Here is an example showing your code works if df.index is a DatetimeIndex:
import numpy as np
import pandas as pd
import matplotlib.pyplot as plt
from scipy import stats
index = pd.date_range(start='2000-1-1', end='2015-1-1', freq='M')
N = len(index)
poisson = (stats.poisson.rvs(1000, size=(N,3))/100.0)
poisson.sort(axis=1)
df = pd.DataFrame(poisson, columns=['lwr', 'Rt', 'upr'], index=index)
plt.fill_between(df.index, df.lwr, df.upr, facecolor='blue', alpha=.2)

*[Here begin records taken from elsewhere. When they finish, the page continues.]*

(* Let $C$ be a linear code over $\mathbb{Z}_4+u\mathbb{Z}_4$ of length $n$ and let $C^{\perp}$ be its dual. Then $$swe_{C^{\perp}}(X,Y,Z,W,S)=\frac{1}{|C|}\,swe_C\big(6S+4W+X+Y+4Z,\ 6S-4W+X+Y-4Z,\ -2W+X-Y+2Z,\ 2W+X-Y-2Z,\ -2S+X+Y\big).$$
   Context: $\mathbb{Z}_4+u\mathbb{Z}_4$ is the commutative ring of characteristic $4$ with $u^2=0$. A linear code of length $n$ is a submodule of $(\mathbb{Z}_4+u\mathbb{Z}_4)^n$; its dual $C^\perp$ is taken with respect to the Euclidean inner product $\sum_i x_iy_i$ computed in the ring. For a codeword $c$, let $n_0(c)$ be the number of coordinates equal to $0$, $n_4(c)$ the number equal to $2u$, $n_3(c)$ the number in $\{1+u,1+2u,3+2u,3+3u\}$, $n_1(c)$ the number in $\{1,1+3u,3,3+u\}$, and $n_2(c)$ the number in $\{2,u,3u,2+u,2+2u,2+3u\}$. The symmetrized weight enumerator is $swe_C(X,Y,Z,W,S)=\sum_{c\in C}X^{n_0(c)}Y^{n_4(c)}Z^{n_3(c)}W^{n_1(c)}S^{n_2(c)}$. *)

theory Defs
  imports Complex_Main "HOL-Library.Numeral_Type"
begin

text \<open>The ring Z4 + u Z4 (u^2 = 0): the element a + b u is represented by the pair (a, b)
  with a, b in Z4 (the type 4 from HOL-Library.Numeral_Type).\<close>

type_synonym R = "4 \<times> 4"

definition radd :: "R \<Rightarrow> R \<Rightarrow> R" where
  "radd x y = (fst x + fst y, snd x + snd y)"

definition rmul :: "R \<Rightarrow> R \<Rightarrow> R" where
  "rmul x y = (fst x * fst y, fst x * snd y + snd x * fst y)"

definition rzero :: R where "rzero = (0, 0)"

definition vadd :: "R list \<Rightarrow> R list \<Rightarrow> R list" where
  "vadd x y = map2 radd x y"

definition smul :: "R \<Rightarrow> R list \<Rightarrow> R list" where
  "smul r x = map (rmul r) x"

definition inner :: "R list \<Rightarrow> R list \<Rightarrow> R" where
  "inner x y = foldr radd (map2 rmul x y) rzero"

definition space :: "nat \<Rightarrow> R list set" where
  "space n = {x. length x = n}"

definition linear_code :: "nat \<Rightarrow> R list set \<Rightarrow> bool" where
  "linear_code n C \<longleftrightarrow> C \<subseteq> space n \<and> replicate n rzero \<in> C
     \<and> (\<forall>x\<in>C. \<forall>y\<in>C. vadd x y \<in> C) \<and> (\<forall>r. \<forall>x\<in>C. smul r x \<in> C)"

definition dual_code :: "nat \<Rightarrow> R list set \<Rightarrow> R list set" where
  "dual_code n C = {y \<in> space n. \<forall>x\<in>C. inner x y = rzero}"

definition cls0 :: "R set" where "cls0 = {(0,0)}"
definition cls4 :: "R set" where "cls4 = {(0,2)}"
definition cls3 :: "R set" where "cls3 = {(1,1),(1,2),(3,2),(3,3)}"
definition cls1 :: "R set" where "cls1 = {(1,0),(1,3),(3,0),(3,1)}"
definition cls2 :: "R set" where "cls2 = {(2,0),(0,1),(0,3),(2,1),(2,2),(2,3)}"

definition cnt :: "R set \<Rightarrow> R list \<Rightarrow> nat" where
  "cnt A c = length (filter (\<lambda>a. a \<in> A) c)"

definition swe :: "R list set \<Rightarrow> 'a::comm_ring_1 \<Rightarrow> 'a \<Rightarrow> 'a \<Rightarrow> 'a \<Rightarrow> 'a \<Rightarrow> 'a" where
  "swe C X Y Z W S = (\<Sum>c\<in>C. X ^ cnt cls0 c * Y ^ cnt cls4 c * Z ^ cnt cls3 c
        * W ^ cnt cls1 c * S ^ cnt cls2 c)"

end

theory Submission
  imports Defs
begin

text \<open>The proof is the MacWilliams argument with the character \<open>\<chi>(a + b u) = i^(a+b)\<close>.
  Every nonzero ideal of \<open>\<int>\<^sub>4 + u\<int>\<^sub>4\<close> contains \<open>2u\<close> and \<open>\<chi>(2u) = -1\<close>, so \<open>\<chi>\<close> is
  nontrivial on every nonzero ideal; hence \<open>\<Sum>\<^sub>x\<^sub>\<in>\<^sub>C \<chi>(\<langle>x,y\<rangle>)\<close> is \<open>|C|\<close> for \<open>y \<in> C\<^sup>\<bottom>\<close> and \<open>0\<close>
  otherwise. Summing a product weight over \<open>C\<^sup>\<bottom>\<close> thus becomes \<open>1/|C|\<close> times a sum over \<open>C\<close>
  of coordinatewise Fourier transforms, and the Fourier transform of the weight attached to the
  five classes is again such a weight, in the transformed variables.\<close>

lemma four_cases: "(x::4) = 0 \<or> x = 1 \<or> x = 2 \<or> x = 3"
proof (induct x)
  case (of_int z)
  then have "z < 4" by simp
  then have "z = 0 \<or> z = 1 \<or> z = 2 \<or> z = 3" using of_int by arith
  then show ?case by auto
qed

lemma UNIV_4: "(UNIV::4 set) = {0,1,2,3}"
  using four_cases by auto

lemma ex_4: "(\<exists>x::4. P x) \<longleftrightarrow> P 0 \<or> P 1 \<or> P 2 \<or> P 3"
  using four_cases by metis

lemma UNIV_R: "(UNIV::R set) = {0,1,2,3} \<times> {0,1,2,3}"
  by (metis UNIV_4 UNIV_Times_UNIV)

lemma rmul_radd_left: "rmul (radd a c) b = radd (rmul a b) (rmul c b)"
  by (simp add: rmul_def radd_def algebra_simps)

lemma rmul_radd_right: "rmul r (radd a b) = radd (rmul r a) (rmul r b)"
  by (simp add: rmul_def radd_def algebra_simps)

lemma rmul_assoc: "rmul (rmul r a) b = rmul r (rmul a b)"
  by (simp add: rmul_def algebra_simps)

lemma rmul_rzero: "rmul r rzero = rzero"
  by (simp add: rmul_def rzero_def)

lemma ex_rmul_eq_2u:
  assumes "a \<noteq> rzero"
  shows "\<exists>r. rmul r a = (0, 2)"
proof -
  obtain a1 a2 where a: "a = (a1, a2)" by fastforce
  have "\<exists>r1 r2. rmul (r1, r2) (a1, a2) = (0, 2)"
    using assms four_cases[of a1] four_cases[of a2]
    by (elim disjE) (simp_all add: a rzero_def rmul_def ex_4)
  then show ?thesis using a by auto
qed

definition i_pow :: "4 \<Rightarrow> complex" where
  "i_pow k = (if k = 0 then 1 else if k = 1 then \<i> else if k = 2 then -1 else -\<i>)"

lemma i_pow_add: "i_pow (a + b) = i_pow a * i_pow b"
  using four_cases[of a] four_cases[of b] by (auto simp: i_pow_def)

definition chi :: "R \<Rightarrow> complex" where
  "chi x = i_pow (fst x + snd x)"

plt.plot(df.index, df.Rt, '.')
plt.show()
If the index has string representations of dates, then (with Matplotlib version 1.4.2) you would get a TypeError:
import numpy as np
import pandas as pd
import matplotlib.pyplot as plt
from scipy import stats
index = pd.date_range(start='2000-1-1', end='2015-1-1', freq='M')
N = len(index)
poisson = (stats.poisson.rvs(1000, size=(N,3))/100.0)
poisson.sort(axis=1)
df = pd.DataFrame(poisson, columns=['lwr', 'Rt', 'upr'])

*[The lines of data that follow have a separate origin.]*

(* Let $L\ge n\ge 1$ and let $q(x)\in\mathrm{GF}(2)[x]/(x^L+1)$ be nonzero, represented as a polynomial of degree at most $n-1$. Let $S$ be a set of $n-1$ bit positions consecutive modulo $L$. If $w$ is chosen uniformly at random in $\mathrm{GF}(2)[x]/(x^L+1)$, then for every $y$, the probability that $q(x)w\bmod(x^L+1)$ and $y$ agree in every bit position outside $S$ equals $2^{-(L-n+1)}$.
   Context: Elements of $\mathrm{GF}(2)[x]/(x^L+1)$ are identified with polynomials $\sum_{i=0}^{L-1}c_ix^i$ over $\mathrm{GF}(2)$; bit position $i$ refers to the coefficient of $x^i$. A set of $m$ positions is consecutive modulo $L$ if it equals $\{k\bmod L,\dots,(k+m-1)\bmod L\}$ for some integer $k$. *)

theory Defs
  imports "HOL-Computational_Algebra.Polynomial" "HOL-Library.Z2"
begin

text \<open>GF(2) is the type bit. Elements of GF(2)[x]/(x^L+1) are represented by their
  canonical representatives: polynomials over GF(2) of degree less than L.\<close>

definition cyc_modulus :: "nat \<Rightarrow> bit poly" where
  "cyc_modulus L = monom 1 L + 1"

definition cyc_ring :: "nat \<Rightarrow> bit poly set" where
  "cyc_ring L = {p. degree p < L}"

definition cyc_mult :: "nat \<Rightarrow> bit poly \<Rightarrow> bit poly \<Rightarrow> bit poly" where
  "cyc_mult L a b = (a * b) mod cyc_modulus L"

definition consecutive_mod :: "nat \<Rightarrow> nat \<Rightarrow> nat set \<Rightarrow> bool" where
  "consecutive_mod L m S \<longleftrightarrow> (\<exists>k::int. S = (\<lambda>i. nat ((k + int i) mod int L)) ` {..<m})"

end

theory Submission
  imports Defs
begin

(* Agreement of q*w mod (x^L + 1) with y outside S is a system of
   L - n + 1 linear equations over GF(2) in the L coefficients of w; we show that it
   has exactly 2^(n-1) solutions for every y, so the probability is 2^(n-1) / 2^L.

   1. Coefficient i of the cyclic product is the cyclic convolution
      sum_j q_j * w_((i - j) mod L)                                  (cyc_mult_coeff).
   2. S = {b, ..., b + n - 2} (mod L).  Reading coefficients from position b on
      (cyc_pos, cyc_coords) identifies the ring with functions supported on {0..<L},
      turns the positions outside S into the window n - 1 .. L - 1, and there the
      cyclic convolution becomes an ordinary one      (cyc_mult_coeff_rotated).
   3. A "triangular" system v r = F r v (r in D), where F r only reads v below r,
      has |A|^(N - |D|) solutions supported on {0..<N}  (card_triangular_solutions).
   4. If a is the lowest index with q_a = 1, the equation at window position s reads
      v (s - a) = y_s - sum_{a < j <= s} q_j * v (s - j): a triangular system with
      L - n + 1 equations, hence 2^(n-1) solutions       (card_agreeing_products). *)

lemma bitpoly_add_self: "(p :: bit poly) + p = 0"
  by (rule poly_eqI) (simp only: coeff_add coeff_0, simp)

lemma degree_cyc_modulus: "L > 0 \<Longrightarrow> degree (cyc_modulus L) = L"
  unfolding cyc_modulus_def by (simp add: degree_add_eq_left degree_monom_eq)

text \<open>Since x^L = 1 modulo x^L + 1, reducing a monomial just reduces its exponent mod L.\<close>
lemma monom_mod_cyc_modulus:
  assumes L: "L > 0"
  shows "monom (c :: bit) e mod cyc_modulus L = monom c (e mod L)"
proof (induction e rule: less_induct)
  case (less e)
  show ?case
  proof (cases "e < L")
    case True
    then show ?thesis
      using L by (cases "c = 0") (simp_all add: mod_poly_less degree_cyc_modulus degree_monom_eq)
  next
    case False
    have "monom c e = monom c (e - L) * monom 1 L"
      using False by (simp add: mult_monom)
    also have "monom (1 :: bit) L = cyc_modulus L + 1"
      unfolding cyc_modulus_def by (simp add: add.assoc bitpoly_add_self)
    finally have "monom c e = monom c (e - L) * cyc_modulus L + monom c (e - L)"
      by (simp add: algebra_simps)
    then have "monom c e mod cyc_modulus L = monom c (e - L) mod cyc_modulus L"
      by simp
    also have "\<dots> = monom c ((e - L) mod L)"
      using less L False by simp
    also have "(e - L) mod L = e mod L"
      using False by (simp add: le_mod_geq)
    finally show ?thesis .
  qed
qed

lemma mod_add_eq_iff:
  fixes i j k L :: nat
  assumes "j < L" "k < L" "i < L"
  shows "(j + k) mod L = i \<longleftrightarrow> k = (i + L - j) mod L"
proof -
  have "(j + k) mod L = (if j + k < L then j + k else j + k - L)"
    using assms by (auto simp: le_mod_geq)
  moreover have "(i + L - j) mod L = (if i + L - j < L then i + L - j else i + L - j - L)"
    using assms by (auto simp: le_mod_geq)
  ultimately show ?thesis using assms by auto
qed

lemma cyc_mult_coeff:
  assumes L: "L > 0" and q: "degree q < L" and w: "degree w < L" and i: "i < L"
  shows "coeff (cyc_mult L q w) i = (\<Sum>j<L. coeff q j * coeff w ((i + L - j) mod L))"
proof -
  define m where "m = cyc_modulus L"
  define R where "R = (\<Sum>j<L. \<Sum>k<L. monom (coeff q j * coeff w k) ((j + k) mod L))"
  have below_L: "{..L - 1} = {..<L}" using L by auto
  have "q * w = (\<Sum>j<L. monom (coeff q j) j) * (\<Sum>k<L. monom (coeff w k) k)"
    using poly_as_sum_of_monoms'[of q "L - 1"] poly_as_sum_of_monoms'[of w "L - 1"] q w below_L
    by simp
  also have "\<dots> = (\<Sum>j<L. \<Sum>k<L. monom (coeff q j * coeff w k) (j + k))"
    by (simp add: sum_product mult_monom)
  finally have qw: "q * w = \<dots>" .
  have "m dvd (q * w - R)"
    unfolding qw R_def sum_subtractf[symmetric]
    by (intro dvd_sum) (simp add: mod_eq_dvd_iff[symmetric] m_def monom_mod_cyc_modulus[OF L])
  then have "(q * w) mod m = R mod m" by (simp add: mod_eq_dvd_iff)
  also have "R mod m = R"
  proof (rule mod_poly_less)
    have "coeff R t = 0" if "t > L - 1" for t
    proof -
      have "(j + k) mod L \<noteq> t" for j k
        using mod_less_divisor[of L "j + k"] L that by linarith
      then show ?thesis unfolding R_def coeff_sum coeff_monom by simp
    qed
    then have "degree R \<le> L - 1" by (intro degree_le) auto
    then show "degree R < degree m" using L by (simp add: m_def degree_cyc_modulus)
  qed
  finally have product: "cyc_mult L q w = R" by (simp add: cyc_mult_def m_def)
  have "coeff R i = (\<Sum>j<L. \<Sum>k<L. if k = (i + L - j) mod L then coeff q j * coeff w k else 0)"
    unfolding R_def coeff_sum coeff_monom
    by (intro sum.cong refl) (use i in \<open>auto simp: mod_add_eq_iff\<close>)
  also have "\<dots> = (\<Sum>j<L. coeff q j * coeff w ((i + L - j) mod L))"
    using L by (simp add: sum.delta')
  finally show ?thesis using product by simp
qed

definition cyc_pos :: "nat \<Rightarrow> nat \<Rightarrow> nat \<Rightarrow> nat" where
  "cyc_pos L b t = (b + t) mod L"

lemma cyc_pos_inverse:
  assumes "b < L"
  shows "t < L \<Longrightarrow> (cyc_pos L b t + L - b) mod L = t"
    and "i < L \<Longrightarrow> cyc_pos L b ((i + L - b) mod L) = i"
  using mod_add_eq_iff[OF assms, of t "(b + t) mod L"]
    mod_add_eq_iff[OF assms, of "(i + L - b) mod L" i] assms
  unfolding cyc_pos_def by auto

lemma cyc_pos_bij: "b < L \<Longrightarrow> bij_betw (cyc_pos L b) {..<L} {..<L}"
  by (rule bij_betw_byWitness[where f' = "\<lambda>i. (i + L - b) mod L"])
    (auto simp: cyc_pos_inverse, simp add: cyc_pos_def)

lemma consecutive_mod_cyc_pos:
  assumes "L > 0" "consecutive_mod L m S"
  shows "\<exists>b<L. S = cyc_pos L b ` {..<m}"
proof -
  obtain k :: int where k: "S = (\<lambda>i. nat ((k + int i) mod int L)) ` {..<m}"
    using assms(2) unfolding consecutive_mod_def by blast
  define b where "b = nat (k mod int L)"
  have "nat ((k + int t) mod int L) = cyc_pos L b t" for t
  proof -
    have "int (cyc_pos L b t) = (k mod int L + int t) mod int L"
      using assms(1) unfolding cyc_pos_def b_def by (simp add: of_nat_mod)
    also have "\<dots> = (k + int t) mod int L" by (simp add: mod_add_left_eq)
    finally show ?thesis by (metis nat_int)
  qed
  moreover have "b < L" using assms(1) unfolding b_def by (simp add: nat_less_iff)
  ultimately show ?thesis unfolding k by auto
qed

lemma outside_consecutive_iff:
  assumes "b < L" "m \<le> L" "S = cyc_pos L b ` {..<m}"
  shows "(\<forall>i<L. i \<notin> S \<longrightarrow> P i) \<longleftrightarrow> (\<forall>s\<in>{m..<L}. P (cyc_pos L b s))"
proof -
  have inj: "inj_on (cyc_pos L b) {..<L}" and onto: "cyc_pos L b ` {..<L} = {..<L}"
    using cyc_pos_bij[OF assms(1)] by (simp_all add: bij_betw_def)
  have "cyc_pos L b ` ({..<L} - {..<m}) = cyc_pos L b ` {..<L} - cyc_pos L b ` {..<m}"
    using assms(2) by (intro inj_on_image_set_diff[OF inj]) auto
  moreover have "{..<L} - {..<m} = {m..<L}" by auto
  ultimately have "{..<L} - S = cyc_pos L b ` {m..<L}"
    unfolding assms(3) onto by simp
  moreover have "(\<forall>i<L. i \<notin> S \<longrightarrow> P i) \<longleftrightarrow> (\<forall>i\<in>{..<L} - S. P i)" by auto
  ultimately show ?thesis by simp
qed

definition cyc_coords :: "nat \<Rightarrow> nat \<Rightarrow> bit poly \<Rightarrow> nat \<Rightarrow> bit" where
  "cyc_coords L b w t = (if t < L then coeff w (cyc_pos L b t) else 0)"

lemma cyc_coords_bij:
  assumes "b < L"
  shows "bij_betw (cyc_coords L b) (cyc_ring L) {v. \<forall>t\<ge>L. v t = 0}"
proof -
  define \<psi> where "\<psi> v = Poly (map (\<lambda>i. v ((i + L - b) mod L)) [0..<L])" for v :: "nat \<Rightarrow> bit"
  have coeff_\<psi>: "coeff (\<psi> v) i = (if i < L then v ((i + L - b) mod L) else 0)" for v i
    unfolding \<psi>_def by (simp add: nth_default_def)
  have pos_L: "cyc_pos L b t < L" for t
    using assms unfolding cyc_pos_def by simp
  have "degree (\<psi> v) < L" for v
    using assms by (intro degree_lessI) (auto simp: coeff_\<psi>)
  then show ?thesis
    by (intro bij_betw_byWitness[where f' = \<psi>])
      (auto intro!: poly_eqI simp: fun_eq_iff coeff_\<psi> cyc_coords_def pos_L cyc_pos_inverse[OF assms]
        cyc_ring_def coeff_eq_0)
qed

text \<open>From position deg q on, the cyclic convolution is an ordinary convolution in
  rotated coordinates: no wrap-around term meets a nonzero coefficient of q.\<close>
lemma cyc_mult_coeff_rotated:
  assumes b: "b < L" and s: "degree q \<le> s" "s < L" and w: "w \<in> cyc_ring L"
  shows "coeff (cyc_mult L q w) (cyc_pos L b s) = (\<Sum>j\<le>s. coeff q j * cyc_coords L b w (s - j))"
proof -
  have pos_L: "cyc_pos L b t < L" for t
    using b unfolding cyc_pos_def by simp
  have shift: "(cyc_pos L b s + L - j) mod L = cyc_pos L b (s - j)" if "j \<le> s" for j
  proof -
    have "(j + cyc_pos L b (s - j)) mod L = cyc_pos L b s"
      using that unfolding cyc_pos_def by (simp add: mod_add_right_eq)
    then show ?thesis using mod_add_eq_iff[of j L] that s pos_L by simp
  qed
  have "coeff (cyc_mult L q w) (cyc_pos L b s)
        = (\<Sum>j<L. coeff q j * coeff w ((cyc_pos L b s + L - j) mod L))"
    using w s b by (intro cyc_mult_coeff) (auto simp: cyc_ring_def pos_L)
  also have "\<dots> = (\<Sum>j\<le>s. coeff q j * coeff w ((cyc_pos L b s + L - j) mod L))"
    using s by (intro sum.mono_neutral_right) (auto simp: coeff_eq_0)
  also have "\<dots> = (\<Sum>j\<le>s. coeff q j * cyc_coords L b w (s - j))"
    using s by (intro sum.cong) (auto simp: shift cyc_coords_def)
  finally show ?thesis .
qed

definition triangular :: "nat set \<Rightarrow> (nat \<Rightarrow> (nat \<Rightarrow> 'a) \<Rightarrow> 'a) \<Rightarrow> bool" where
  "triangular D F \<longleftrightarrow> (\<forall>r\<in>D. \<forall>v v'. (\<forall>i<r. v i = v' i) \<longrightarrow> F r v = F r v')"

definition triangular_solutions ::
    "nat set \<Rightarrow> (nat \<Rightarrow> (nat \<Rightarrow> 'a::zero) \<Rightarrow> 'a) \<Rightarrow> nat \<Rightarrow> (nat \<Rightarrow> 'a) set" where
  "triangular_solutions D F N = {v. (\<forall>i\<ge>N. v i = 0) \<and> (\<forall>r\<in>D. r < N \<longrightarrow> v r = F r v)}"

lemma triangular_update_irrelevant:
  "triangular D F \<Longrightarrow> r \<in> D \<Longrightarrow> r < N \<Longrightarrow> F r (v(N := c)) = F r v"
  unfolding triangular_def by auto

index = [item.strftime('%Y-%m-%d') for item in index]
plt.fill_between(index, df.lwr, df.upr, facecolor='blue', alpha=.2)
plt.plot(index, df.Rt, '.')
plt.show()
yields
File "/home/unutbu/.virtualenvs/dev/local/lib/python2.7/site-packages/numpy/ma/core.py", line 2237, in masked_invalid
condition = ~(np.isfinite(a))
TypeError: Not implemented for this type
In this case, the fix is to convert the strings to Timestamps:
index = pd.to_datetime(index)
Regarding the error reported by chilliq:
TypeError: ufunc 'isfinite' not supported for the input types, and the inputs
could not be safely coerced to any supported types according to the casting
rule ''safe''
This can be produced if the DataFrame columns have "object" dtype when using fill_between. Changing the example column types and then trying to plot, as follows, results in the error above:
import numpy as np
import pandas as pd
import matplotlib.pyplot as plt
from scipy import stats
index = pd.date_range(start='2000-1-1', end='2015-1-1', freq='M')
N = len(index)
poisson = (stats.poisson.rvs(1000, size=(N,3))/100.0)
poisson.sort(axis=1)
df = pd.DataFrame(poisson, columns=['lwr', 'Rt', 'upr'], index=index)
dfo = df.astype(object)
plt.fill_between(df0.index, df0.lwr, df0.upr, facecolor='blue', alpha=.2)
plt.show()
From dfo.info() we see that the column types are "object":
<class 'pandas.core.frame.DataFrame'>
DatetimeIndex: 180 entries, 2000-01-31 to 2014-12-31
Freq: M
Data columns (total 3 columns):
lwr 180 non-null object
Rt 180 non-null object
upr 180 non-null object
dtypes: object(3)
memory usage: 5.6+ KB
Ensuring that the DataFrame has numerical columns will solve the problem. To do this we can use pandas.to_numeric to convert, as follows:
dfn = dfo.apply(pd.to_numeric, errors='ignore')
plt.fill_between(dfn.index, dfn.lwr, dfn.upr, facecolor='blue', alpha=.2)
plt.show()
I got similar error while using fill_between:
ufunc 'bitwise_and' not supported
However, in my case the cause of error was rather stupid. I was passing color parameter but without explicit argument name which caused it to be #4 parameter called where. So simply making sure keyword parameters has key solved the issue:
ax.fill_between(xdata, highs, lows, color=color, alpha=0.2)
I think none of the answers addresses the original question, they all change it a little bit.
If you want to plot timdeltas you can use this workaround
ax = df.Rt.plot()
x = ax.get_lines()[0].get_xdata().astype(float)
ax.fill_between(x, df.lwr, df.upr, color="b", alpha=0.2)
plt.show()
This work sin your case. In general, the only caveat is that you always need to plot the index using pandas and then get the coordinates from the artist. I am sure that by looking at pandas code, one can actually find how they plot the timedeltas. Then one can apply that to the code, and the first plot is not needed anymore.